I'm glad that you're able to distance yourself from it somewhat and see the situation clearly for what it is. And I'm sorry your bro is such an idiot.

Hugs.
 

Shari

IsItFridayYet?
I hope he threw out the old locks and has to go dig thru this week's trash collection at the county dump to find them.

The only response I'd have to the folks about it is a copy of the letter when they ask what happened. I'd say nothing more.

Hugs.
 

klmno

Active Member
The part of everything that is so scary for me is that we never know when he will blow. He has NEVER, not even one time, called me to say "Hey, I am really bothered by this. Is this a good time to talk or can we get together to talk?" Never.

He will rant and rave about how I am "angry" at him when I am not in the slightest even thinking of him, much less upset with him. He just explodes. Then, like a true difficult child, he is done and we should tell him how sorry we are and make nice.

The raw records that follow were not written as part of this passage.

definition GF :: "nat list set \<Rightarrow> (nat list \<Rightarrow> 'a::comm_ring_1) \<Rightarrow> 'a" where
  "GF S w = (\<Sum>t\<in>S. w t)"

fun Qp :: "(nat \<Rightarrow> 'a::comm_ring_1) \<Rightarrow> (nat \<Rightarrow> 'a) \<Rightarrow> nat \<Rightarrow> 'a poly" where
  "Qp A V 0 = 1"
| "Qp A V (Suc 0) = [:0, V 1:]"
| "Qp A V (Suc (Suc n)) =
     smult (if even (Suc n) then V ((Suc n + 2) div 2) else A ((Suc n + 1) div 2))
       ([:0, 1:] * Qp A V (Suc n)) - Qp A V n"

(* T_AV^a Q_m : substitute A_i -> A_{i+a}, V_i -> V_{i+a} *)
definition QT :: "nat \<Rightarrow> (nat \<Rightarrow> 'a::comm_ring_1) \<Rightarrow> (nat \<Rightarrow> 'a) \<Rightarrow> nat \<Rightarrow> 'a poly" where
  "QT a A V m = Qp (\<lambda>i. A (i + a)) (\<lambda>i. V (i + a)) m"

(* T_AV^a R_AV^(j) Q_m : first A_i -> V_{j+1-i}, V_i -> A_{j+1-i}, then shift by a,
   i.e. A_i -> V_{j+1-i+a}, V_i -> A_{j+1-i+a}.  (Only indices i <= j occur
   in the uses below, so the truncated subtraction is harmless.) *)
definition QTR :: "nat \<Rightarrow> nat \<Rightarrow> (nat \<Rightarrow> 'a::comm_ring_1) \<Rightarrow> (nat \<Rightarrow> 'a) \<Rightarrow> nat \<Rightarrow> 'a poly" where
  "QTR a j A V m = Qp (\<lambda>i. V (j + 1 - i + a)) (\<lambda>i. A (j + 1 - i + a)) m"

end

(* Splitting off the last entry of a sequence gives a linear system for the generating functions
   F_s (odd length) and G_t (even length) of the sequences ending in s resp. t:
     G_t = x A_t (F_1 + ... + F_t),    F_s = [r = s] V_r + x V_s (G_s + ... + G_k),
   and this system has a unique power series solution. Q_2k is the continuant of V_1 x, A_1 x,
   V_2 x, ..., A_k x, i.e. the determinant of the tridiagonal matrix with these diagonal entries and
   off-diagonal entries -1. Up to the factor (-1)^(r+s+1) V_r and a factor A_s x resp. V_s x, the
   claimed numerators are the entries of column 2r-1 of its adjugate. The three-term recurrence of
   that column makes the partial sums of the numerators telescope, so the numerators solve the
   system multiplied by Q_2k. *)

theory Submission
  imports Defs
begin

This is so much like my bro, it's frightening. Just remember- it won't just be you because it's his sense of entitlement- not any "problem" you have or anything you are doing or not doing. This became more than obvious to me when my bro was trying to get custody of my son, made issue with the GAL and judge that he "deserved" to have phone contact with difficult child, then yelled at difficult child time and time again when he got that phone contact- and yelling about how stupid it was for difficult child to not want to live with him, that I didn't love difficult child, and koi like that. Be patient- I do undwerstand how hard that is- but the truth will come out eventually.

Not to hijack your thread, but this (along with the fears of molestation) is why I blow when someone even suggests difficult child going to live with my bro.